Problem details -> Among the entries below, extract exactly the lines that run from the one with "good w \<Longrightarrow>" through the one with "unfolding bad_def by (auto simp flip: rev_E)", both ends included.

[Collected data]
(* A word $w$ over $\{a,b\}$ is good if and only if $w=\epsilon$ or there exist integers $n,e,i,f$ with $e\ge0$, $0\le i,f\le n$, and ($e=0 \Rightarrow n=\max(i,f)$), such that $w=a^i(ba^n)^eba^f$ or $w=b^i(ab^n)^eab^f$.
   Context: Let $E$ be the morphism exchanging $a$ and $b$, and $\tilde w$ the mirror image (reversal) of $w$. A word $w$ over $\{a,b\}$ is bad if one of $w,\tilde w,E(w),E(\tilde w)$ has a factor of the form $a^kb^h$ with $k,h\ge 2$, or of the form $a^kba^lb^m$ with $k>l\ge 1$, $m\ge1$; $w$ is good if it is not bad. $\epsilon$ denotes the empty word. *)

theory Defs
  imports Main "HOL-Library.Sublist"
begin

datatype letter = a | b

type_synonym word = "letter list"

fun exch :: "letter \<Rightarrow> letter" where
  "exch a = b" | "exch b = a"

definition E :: "word \<Rightarrow> word" where
  "E w = map exch w"

definition factor :: "word \<Rightarrow> word \<Rightarrow> bool" where
  "factor u w \<longleftrightarrow> sublist u w"

definition has_bad_factor :: "word \<Rightarrow> bool" where
  "has_bad_factor w \<longleftrightarrow>
     (\<exists>k h. k \<ge> 2 \<and> h \<ge> 2 \<and> factor (replicate k a @ replicate h b) w) \<or>
     (\<exists>k l m. k > l \<and> l \<ge> 1 \<and> m \<ge> 1 \<and>
        factor (replicate k a @ [b] @ replicate l a @ replicate m b) w)"

definition bad :: "word \<Rightarrow> bool" where
  "bad w \<longleftrightarrow> has_bad_factor w \<or> has_bad_factor (rev w) \<or>
               has_bad_factor (E w) \<or> has_bad_factor (E (rev w))"

definition good :: "word \<Rightarrow> bool" where
  "good w \<longleftrightarrow> \<not> bad w"

end

theory Submission
  imports Defs
begin

text \<open>
  Every word of the form a^i (b a^n)^e b a^f with i, f \<le> n is a factor of the periodic
  word a^n (b a^n)^m, whose runs of a have length at most n and whose runs of a
  enclosed by two b are exactly n long. These two properties survive reversal, and they exclude
  every bad factor: a bad factor of w or of its reverse contains either bb together with an a,
  or a run a^k together with an enclosed run a^l, l < k; a bad factor of E w or E (rev w)
  contains aab, i.e. w contains bba (or its reverse).

  Conversely, a good word is built letter by letter. Appending a letter to such a block word
  either gives a block word again (up to E), or creates one of the bad factors
  a^k b a^l b (k > l \<ge> 1), a^k bb (k \<ge> 2), or an image of them under reversal and E.
\<close>

lemma exch_exch [simp]: "exch (exch x) = x"
  by (cases x) simp_all

lemma E_E [simp]: "E (E w) = w"
  by (simp add: E_def map_idI)

lemma E_simps [simp]:
  "E [] = []" "E (x # w) = exch x # E w" "E (u @ v) = E u @ E v"
  "E (replicate n x) = replicate n (exch x)"
  by (simp_all add: E_def)

lemma E_concat [simp]: "E (concat ws) = concat (map E ws)"
  by (induct ws) simp_all

lemma rev_E: "rev (E w) = E (rev w)"
  by (simp add: E_def rev_map)

lemma sublist_E: "sublist u w \<Longrightarrow> sublist (E u) (E w)"
  unfolding E_def by (rule map_mono_sublist)

lemma has_bad_factor_sublist: "sublist u w \<Longrightarrow> has_bad_factor u \<Longrightarrow> has_bad_factor w"
  unfolding has_bad_factor_def factor_def by (meson sublist_order.order.trans)

lemma bad_sublist: "sublist u w \<Longrightarrow> bad u \<Longrightarrow> bad w"
  unfolding bad_def by (meson has_bad_factor_sublist sublist_E sublist_rev)

lemma bad_suffix: "suffix u w \<Longrightarrow> bad u \<Longrightarrow> bad w"
  using bad_sublist suffix_imp_sublist by blast

lemma good_sublist: "sublist u w \<Longrightarrow> good w \<Longrightarrow> good u"
  unfolding good_def using bad_sublist by blast

lemma bad_rev_iff [simp]: "bad (rev w) \<longleftrightarrow> bad w"
  unfolding bad_def by (auto simp: rev_E)

lemma bad_E_iff [simp]: "bad (E w) \<longleftrightarrow> bad w"
  unfolding bad_def by (auto simp flip: rev_E)

lemma good_E_iff [simp]: "good (E w) \<longleftrightarrow> good w"
  by (simp add: good_def)

lemma has_bad_factor_bad: "has_bad_factor w \<Longrightarrow> bad w"
  by (simp add: bad_def)

lemma sublist_replicate_mono: "m \<le> k \<Longrightarrow> sublist (replicate m x) (replicate k x)"
  by (metis le_add_diff_inverse replicate_add sublist_append_rightI)

lemma has_bad_factor_cases:
  assumes "has_bad_factor w"
  shows "(sublist [b, b] w \<and> sublist [a] w) \<or>
    (\<exists>k l. l < k \<and> sublist (replicate k a) w \<and> sublist (b # replicate l a @ [b]) w)"
  using assms unfolding has_bad_factor_def factor_def
proof (elim disjE exE conjE)
  fix k h assume "2 \<le> k" "2 \<le> h" and w: "sublist (replicate k a @ replicate h b) w"
  have "sublist [b, b] (replicate h b)" and "sublist [a] (replicate k a)"
    using \<open>2 \<le> k\<close> \<open>2 \<le> h\<close> sublist_replicate_mono[of 2 h b] sublist_replicate_mono[of 1 k a]
    by (simp_all add: numeral_2_eq_2)
  then show ?thesis
    using w by (meson sublist_append_leftI sublist_append_rightI sublist_order.order.trans)
next
  fix k l m assume "l < k" "1 \<le> m"
    and w: "sublist (replicate k a @ [b] @ replicate l a @ replicate m b) w"
  have "replicate k a @ [b] @ replicate l a @ replicate m b
      = replicate k a @ (b # replicate l a @ [b]) @ replicate (m - 1) b"
    using \<open>1 \<le> m\<close> by (cases m) simp_all
  then have "sublist (b # replicate l a @ [b]) w"
    using w by (metis sublist_appendI sublist_order.order.trans)
  moreover have "sublist (replicate k a) w"
    using w by (metis sublist_append_rightI sublist_order.order.trans)
  ultimately show ?thesis using \<open>l < k\<close> by blast
qed

lemma has_bad_factor_sublist_aab:
  assumes "has_bad_factor w"
  shows "sublist [a, a, b] w"
proof -
  have aab: "sublist [a, a, b] (replicate k a @ b # v)" if "2 \<le> k" for k v
  proof -
    obtain k' where k: "k = k' + 2" using \<open>2 \<le> k\<close> le_Suc_ex by (metis add.commute)
    have "replicate k a @ b # v = replicate k' a @ [a, a, b] @ v"
      unfolding k replicate_add by (simp add: numeral_2_eq_2)
    then show ?thesis by (metis sublist_appendI)
  qed
  from assms obtain k v where "2 \<le> k" "sublist (replicate k a @ b # v) w"
    unfolding has_bad_factor_def factor_def
  proof (elim disjE exE conjE)
    fix k h assume "2 \<le> k" "2 \<le> h" "sublist (replicate k a @ replicate h b) w"
    moreover have "replicate h b = b # replicate (h - 1) b"
      using \<open>2 \<le> h\<close> by (cases h) simp_all
    ultimately show thesis using that by simp
  next
    fix k l m assume "l < k" "1 \<le> l" "sublist (replicate k a @ [b] @ replicate l a @ replicate m b) w"
    then show thesis using that[of k] by simp
  qed
  then show ?thesis using aab sublist_order.order.trans by blast
qed
section \<open>Degree and sign of the top coefficient\<close>

definition weak_signed_top :: "nat \<Rightarrow> 'a \<Rightarrow> 'a::linordered_idom poly \<Rightarrow> bool" where
  "weak_signed_top d s p \<longleftrightarrow> degree p \<le> d \<and> 0 \<le> s * coeff p d"

definition signed_top :: "nat \<Rightarrow> 'a \<Rightarrow> 'a::linordered_idom poly \<Rightarrow> bool" where
  "signed_top d s p \<longleftrightarrow> degree p \<le> d \<and> 0 < s * coeff p d"

lemma weak_signed_top_if_signed_top: "signed_top d s p \<Longrightarrow> weak_signed_top d s p"
  by (simp add: signed_top_def weak_signed_top_def)

lemma degree_eq_if_signed_top: "signed_top d s p \<Longrightarrow> degree p = d"
  unfolding signed_top_def by (metis le_antisym le_degree mult_zero_right order_less_irrefl)

lemma lead_coeff_sign_if_signed_top: "signed_top d s p \<Longrightarrow> 0 < s * lead_coeff p"
  using degree_eq_if_signed_top by (fastforce simp: signed_top_def)

lemma weak_signed_top_if_degree_less: "degree p < d \<Longrightarrow> weak_signed_top d s p"
  by (simp add: weak_signed_top_def coeff_eq_0)

lemma weak_signed_top_0 [simp]: "weak_signed_top d s 0"
  by (simp add: weak_signed_top_def)

lemma weak_signed_top_add:
  "weak_signed_top d s p \<Longrightarrow> weak_signed_top d s q \<Longrightarrow> weak_signed_top d s (p + q)"
  by (auto simp: weak_signed_top_def degree_add_le distrib_left)

lemma signed_top_add:
  "signed_top d s p \<Longrightarrow> weak_signed_top d s q \<Longrightarrow> signed_top d s (p + q)"
  by (auto simp: weak_signed_top_def signed_top_def degree_add_le distrib_left)

lemma weak_signed_top_sum:
  "finite A \<Longrightarrow> (\<And>x. x \<in> A \<Longrightarrow> weak_signed_top d s (f x)) \<Longrightarrow> weak_signed_top d s (sum f A)"
  by (induction A rule: finite_induct) (auto intro: weak_signed_top_add)

lemma signed_top_sum:
  assumes "finite A" "\<And>x. x \<in> A \<Longrightarrow> weak_signed_top d s (f x)" "x \<in> A" "signed_top d s (f x)"
  shows "signed_top d s (sum f A)"
proof -
  have "sum f A = f x + sum f (A - {x})"
    using assms by (simp add: sum.remove)
  moreover have "weak_signed_top d s (sum f (A - {x}))"
    using assms by (intro weak_signed_top_sum) auto
  ultimately show ?thesis
    using signed_top_add assms by simp
qed

lemma coeff_mult_at_degree_bounds:
  fixes p q :: "'a::idom poly"
  assumes "degree p \<le> d1" "degree q \<le> d2"
  shows "coeff (p * q) (d1 + d2) = coeff p d1 * coeff q d2"
proof (cases "degree p = d1 \<and> degree q = d2")
  case True
  then show ?thesis using coeff_mult_degree_sum[of p q] by simp
next
  case False
  then have "degree p < d1 \<or> degree q < d2"
    using assms by auto
  then have "coeff p d1 * coeff q d2 = 0" and "degree (p * q) < d1 + d2"
    using degree_mult_le[of p q] assms by (auto simp: coeff_eq_0)
  then show ?thesis by (simp add: coeff_eq_0)
qed

lemma signed_top_mult:
  assumes "signed_top d1 s1 p" "signed_top d2 s2 q"
  shows "signed_top (d1 + d2) (s1 * s2) (p * q)"
proof -
  have deg: "degree p \<le> d1" "degree q \<le> d2"
    using assms by (auto simp: signed_top_def)
  then have "s1 * s2 * coeff (p * q) (d1 + d2) = (s1 * coeff p d1) * (s2 * coeff q d2)"
    by (simp add: coeff_mult_at_degree_bounds algebra_simps)
  also have "0 < (s1 * coeff p d1) * (s2 * coeff q d2)"
    by (rule mult_pos_pos) (use assms in \<open>simp_all add: signed_top_def\<close>)
  finally show ?thesis
    using deg degree_mult_le[of p q] by (simp add: signed_top_def)
qed

lemma signed_top_smult: "c > 0 \<Longrightarrow> signed_top d s p \<Longrightarrow> signed_top d s (smult c p)"
  by (auto simp: signed_top_def mult.left_commute[of s c] intro: order.trans[OF degree_smult_le])

lemma weak_signed_top_pderiv:
  fixes p :: "'a::linordered_idom poly"
  shows "degree p \<le> d \<Longrightarrow> weak_signed_top d s (pderiv p)"
  unfolding weak_signed_top_def by (auto simp: coeff_pderiv coeff_eq_0 degree_pderiv)

lemma signed_top_pderiv_add_smult:
  fixes q :: "'a::linordered_idom poly"
  assumes "signed_top d s q" "j \<ge> 1"
  shows "signed_top d s (pderiv q + smult (of_nat j) q)"
proof -
  have "signed_top d s (smult (of_nat j) q + pderiv q)"
    using assms
    by (intro signed_top_add signed_top_smult weak_signed_top_pderiv) (auto simp: signed_top_def)
  then show ?thesis by (simp add: add.commute)
qed

lemma signed_top_linear_ode_sol:
  fixes r :: "'a::linordered_field poly"
  assumes "c > 0" "signed_top d s r"
  shows "signed_top d s (linear_ode_sol c r)"
proof -
  have "degree r \<le> d"
    using assms by (simp add: signed_top_def)
  then show ?thesis
    using assms degree_linear_ode_sol_le[of c r]
    by (simp add: signed_top_def coeff_linear_ode_sol_top)
qed

lemma signed_top_poly_antideriv_add_const:
  fixes r :: "'a::linordered_field poly"
  assumes "signed_top d s r"
  shows "signed_top (Suc d) s (poly_antideriv r + [:x:])"
proof -
  have "degree (poly_antideriv r + [:x:]) \<le> Suc d"
    using degree_poly_antideriv_le[of r] assms by (intro degree_add_le) (auto simp: signed_top_def)
  moreover have "coeff (poly_antideriv r + [:x:]) (Suc d) = coeff r d / of_nat (Suc d)"
    by (simp add: coeff_poly_antideriv_Suc)
  ultimately show ?thesis
    using assms unfolding signed_top_def
    by (simp add: zero_less_mult_iff zero_less_divide_iff del: of_nat_Suc)
qed

section \<open>The shape of \<open>\<alpha>\<^sub>k\<close>\<close>

text \<open>The polynomial p_m of the theorem is (-1)^m times the coefficient of e^((k+1-m)z), that is
  (-1)^m coeff Q (k+1-m).\<close>

definition alpha_repr :: "nat \<Rightarrow> rat poly poly \<Rightarrow> bool" where
  "alpha_repr k Q \<longleftrightarrow> alpha k = exp_poly_fps Q \<and> degree Q \<le> k + 1 \<and>
     coeff Q 0 = (if k = 0 then [:-1,-1:] else 0) \<and> coeff Q (k+1) = [:exp_top_coeff k:] \<and>
     (\<forall>j\<in>{1..k}. signed_top (2*(k+1-j)) ((-1)^(k+1-j)) (coeff Q j))"

lemma alpha_repr_coeff_eq_0: "alpha_repr u Q \<Longrightarrow> u + 1 < j \<Longrightarrow> coeff Q j = 0"
  unfolding alpha_repr_def by (simp add: coeff_eq_0)

lemma alpha_repr_signed_top:
  assumes "alpha_repr u Q" "1 \<le> j" "j \<le> u + 1"
  shows "signed_top (2*(u+1-j)) ((-1)^(u+1-j)) (coeff Q j)"
  using assms exp_top_coeff_pos[of u]
  by (cases "j = u + 1") (simp_all add: alpha_repr_def signed_top_def)

lemma alpha_repr_degree_coeff:
  assumes "alpha_repr u Q" "1 \<le> j"
  shows "degree (coeff Q j) \<le> 2*(u+1-j)"
  using assms alpha_repr_signed_top[OF assms] alpha_repr_coeff_eq_0[OF assms(1)]
  by (cases "j \<le> u + 1") (simp_all add: signed_top_def)

lemma alpha_repr_degree_coeff_0: "alpha_repr u Q \<Longrightarrow> degree (coeff Q 0) \<le> 1"
  unfolding alpha_repr_def by auto

lemma alpha_repr_coeff_0_eq_0: "alpha_repr u Q \<Longrightarrow> u \<ge> 1 \<Longrightarrow> coeff Q 0 = 0"
  unfolding alpha_repr_def by auto

lemma alpha_repr_coeff_deriv_eq_0:
  "alpha_repr u Q \<Longrightarrow> u + 1 < j \<Longrightarrow> coeff (exp_poly_deriv Q) j = 0"
  by (simp add: coeff_exp_poly_deriv alpha_repr_coeff_eq_0)

lemma alpha_repr_signed_top_deriv:
  "alpha_repr u Q \<Longrightarrow> 1 \<le> j \<Longrightarrow> j \<le> u + 1 \<Longrightarrow>
     signed_top (2*(u+1-j)) ((-1)^(u+1-j)) (coeff (exp_poly_deriv Q) j)"
  unfolding coeff_exp_poly_deriv by (intro signed_top_pderiv_add_smult alpha_repr_signed_top) auto

lemma alpha_repr_degree_coeff_deriv:
  "alpha_repr u Q \<Longrightarrow> 1 \<le> j \<Longrightarrow> degree (coeff (exp_poly_deriv Q) j) \<le> 2*(u+1-j)"
  using degree_coeff_exp_poly_deriv_le alpha_repr_degree_coeff order_trans by blast

lemma alpha_repr_0: "alpha_repr 0 [:[:-1, -1:], 1:]"
proof -
  have "exp_poly_fps [:[:-1, -1:], 1:] = fps_of_poly [:-1, -1:] + fps_exp 1"
    unfolding exp_poly_fps_def by simp
  also have "\<dots> = alpha 0"
    unfolding alpha_0 by (auto simp: fps_eq_iff fps_X_nth coeff_pCons split: nat.split)
  finally show ?thesis
    unfolding alpha_repr_def by (simp add: exp_top_coeff_def)
qed

context
  fixes k :: nat and Qf :: "nat \<Rightarrow> rat poly poly"
  assumes k: "k \<ge> 1" and IH: "\<And>u. u < k \<Longrightarrow> alpha_repr u (Qf u)"
begin

definition rhs :: "rat poly poly" where
  "rhs = Qf (k-1) + (\<Sum>u<k. exp_poly_deriv (Qf u) * Qf (k-1-u))"

definition rhs_term :: "nat \<Rightarrow> nat \<Rightarrow> nat \<Rightarrow> rat poly" where
  "rhs_term u i j = coeff (exp_poly_deriv (Qf u)) i * coeff (Qf (k-1-u)) (j-i)"
(* Let $K\ge1$, $N$ and $s$ be integers with $0\le s<N-2$ and $s$ independent of $N$, let $X_0,\dots,X_{K-1}\in\mathbb{R}$, and let $f:\mathbb{R}\to\mathbb{R}$ be continuous. Let $\alpha_i=\cos\frac{(2i+1)\pi}{2K}$, $i=0,\dots,K-1$, and define $$u(z)=\sum_{i=0}^{K-1}\frac{(-1)^i/(z-\alpha_i)}{\sum_{j=0}^{K-1}(-1)^j/(z-\alpha_j)}X_i,$$ (extended continuously by $u(\alpha_i)=X_i$) and $g(z)=f(u(z))$ for $z\in[-1,1]$. Let $\mathcal{F}\subset\{0,\dots,N\}$ with $|\mathcal{F}|=N+1-s$, let $n=N-s$, and let $z_0>z_1>\dots>z_n$ be the points $\{\cos\frac{j\pi}{N}: j\in\mathcal{F}\}$. Define Berrut's interpolant $$r_{\mathcal F}(z)=\sum_{i=0}^{n}\frac{(-1)^i/(z-z_i)}{\sum_{j=0}^n(-1)^j/(z-z_j)}\,g(z_i).$$ Then $$\max_{z\in[-1,1]}|r_{\mathcal F}(z)-g(z)|\le(1+\Lambda_n)\min_{r\in\mathcal{Q}}\max_{z\in[-1,1]}|g(z)-r(z)|,$$ where $\Lambda_n$ is the Lebesgue constant of Berrut's interpolant on $\{z_j\}_{j=0}^n$, which satisfies $\Lambda_n\le\big(\frac{(s+1)(s+3)\pi^2}{4}+1\big)\big(1+\pi^2(s+1)\ln(N-s)\big)$, and $\mathcal{Q}$ is the set of rational functions $r=p/q$ with $p$ a real polynomial of degree at most $n$, $q(z)=L(z)\sum_{j=0}^n\frac{(-1)^j}{z-z_j}$ where $L(z)=\prod_{k=0}^n(z-z_k)$, and $r(z_j)=g(z_j)$ for $j=0,\dots,n$.
   Context: The Lebesgue constant of Berrut's interpolant on nodes $z_0,\dots,z_n$ is $\Lambda_n=\max_{z\in[-1,1]}\sum_{i=0}^n|\ell_i(z)|$ with $\ell_i(z)=\dfrac{(-1)^i/(z-z_i)}{\sum_{j=0}^n (-1)^j/(z-z_j)}$. (In the paper $X_i$ may be real matrices and $f$ matrix-valued; the scalar statement applies entrywise.) *)

theory Defs
  imports "HOL-Analysis.Analysis" "HOL-Computational_Algebra.Polynomial"
begin

definition berrut_basis :: "(nat \<Rightarrow> real) \<Rightarrow> nat \<Rightarrow> nat \<Rightarrow> real \<Rightarrow> real" where
  "berrut_basis x n i z =
     (if \<exists>k\<le>n. z = x k then (if z = x i then 1 else 0)
      else ((-1) ^ i / (z - x i)) / (\<Sum>j\<le>n. (-1) ^ j / (z - x j)))"

definition berrut :: "(nat \<Rightarrow> real) \<Rightarrow> nat \<Rightarrow> (nat \<Rightarrow> real) \<Rightarrow> real \<Rightarrow> real" where
  "berrut x n y z = (\<Sum>i\<le>n. berrut_basis x n i z * y i)"

definition lebesgue_const :: "(nat \<Rightarrow> real) \<Rightarrow> nat \<Rightarrow> real" where
  "lebesgue_const x n = Sup ((\<lambda>z. \<Sum>i\<le>n. \<bar>berrut_basis x n i z\<bar>) ` {-1..1})"

text \<open>The denominator q(z) = L(z) * sum_j (-1)^j/(z - x j), written in its
polynomial form sum_j (-1)^j prod_{k<>j} (z - x k), which agrees with the
formula off the nodes and is its continuous extension at the nodes.\<close>
definition berrut_denom :: "(nat \<Rightarrow> real) \<Rightarrow> nat \<Rightarrow> real \<Rightarrow> real" where
  "berrut_denom x n z = (\<Sum>j\<le>n. (-1) ^ j * (\<Prod>k\<in>{..n} - {j}. (z - x k)))"

end

theory Submission
  imports Defs
begin

text \<open>Since a polynomial of degree at most \<open>n\<close> is determined by its values at the \<open>n + 1\<close>
  nodes and \<open>berrut_denom\<close> does not vanish there, \<open>Q\<close> consists of Berrut's interpolant
  alone; the first inequality then reduces to \<open>0 \<le> \<Lambda>\<^sub>n\<close>, which only needs the suprema
  involved to be finite.

  Write \<open>z = cos phi\<close>; the angles \<open>t i\<close> of the nodes \<open>zs i = cos (t i)\<close> lie in \<open>[0, pi]\<close>
  with consecutive gaps between \<open>u = pi / N\<close> and \<open>(s + 1) u\<close>. Off the nodes the Lebesgue
  function is \<open>\<Sum>i. 1 / \<bar>z - zs i\<bar>\<close> divided by \<open>\<bar>\<Sum>i. (-1)^i / (z - zs i)\<bar>\<close>. Splitting the
  denominator at \<open>z\<close> gives two alternating sums of decreasing terms, so it is at least the
  difference of the first two terms on one side, and trigonometric estimates bound that
  difference below by a multiple of \<open>1 / (u sin phi)\<close>. In the numerator, the node \<open>m\<close> gaps
  away from \<open>phi\<close> contributes at most \<open>pi / (m u sin phi)\<close>, which produces harmonic sums and
  hence the logarithm. Outside the extreme nodes a separate estimate via \<open>\<Sum>j. 1 / j\<^sup>2\<close>
  applies, and the reflection \<open>phi \<mapsto> pi - phi\<close> reduces every position of \<open>phi\<close> to one of
  these two cases.\<close>

lemma x_cos_le_sin:
  fixes x :: real assumes "0 \<le> x" "x \<le> pi" shows "x * cos x \<le> sin x"
proof -
  have "(\<lambda>y. sin y - y * cos y) 0 \<le> (\<lambda>y. sin y - y * cos y) x"
  proof (rule DERIV_nonneg_imp_nondecreasing[OF assms(1)])
    fix y assume y: "0 \<le> y" "y \<le> x"
    have "((\<lambda>y. sin y - y * cos y) has_real_derivative y * sin y) (at y)"
      by (auto intro!: derivative_eq_intros)
    moreover have "0 \<le> y * sin y"
      using y assms by (auto intro!: mult_nonneg_nonneg sin_ge_zero)
    ultimately show "\<exists>d. ((\<lambda>y. sin y - y * cos y) has_real_derivative d) (at y) \<and> 0 \<le> d"
      by blast
  qed
  then show ?thesis by simp
qed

Exercise response ->
lemma good_sublist: "sublist u w \<Longrightarrow> good w \<Longrightarrow> good u"
  unfolding good_def using bad_sublist by blast

lemma bad_rev_iff [simp]: "bad (rev w) \<longleftrightarrow> bad w"
  unfolding bad_def by (auto simp: rev_E)

lemma bad_E_iff [simp]: "bad (E w) \<longleftrightarrow> bad w"
  unfolding bad_def by (auto simp flip: rev_E)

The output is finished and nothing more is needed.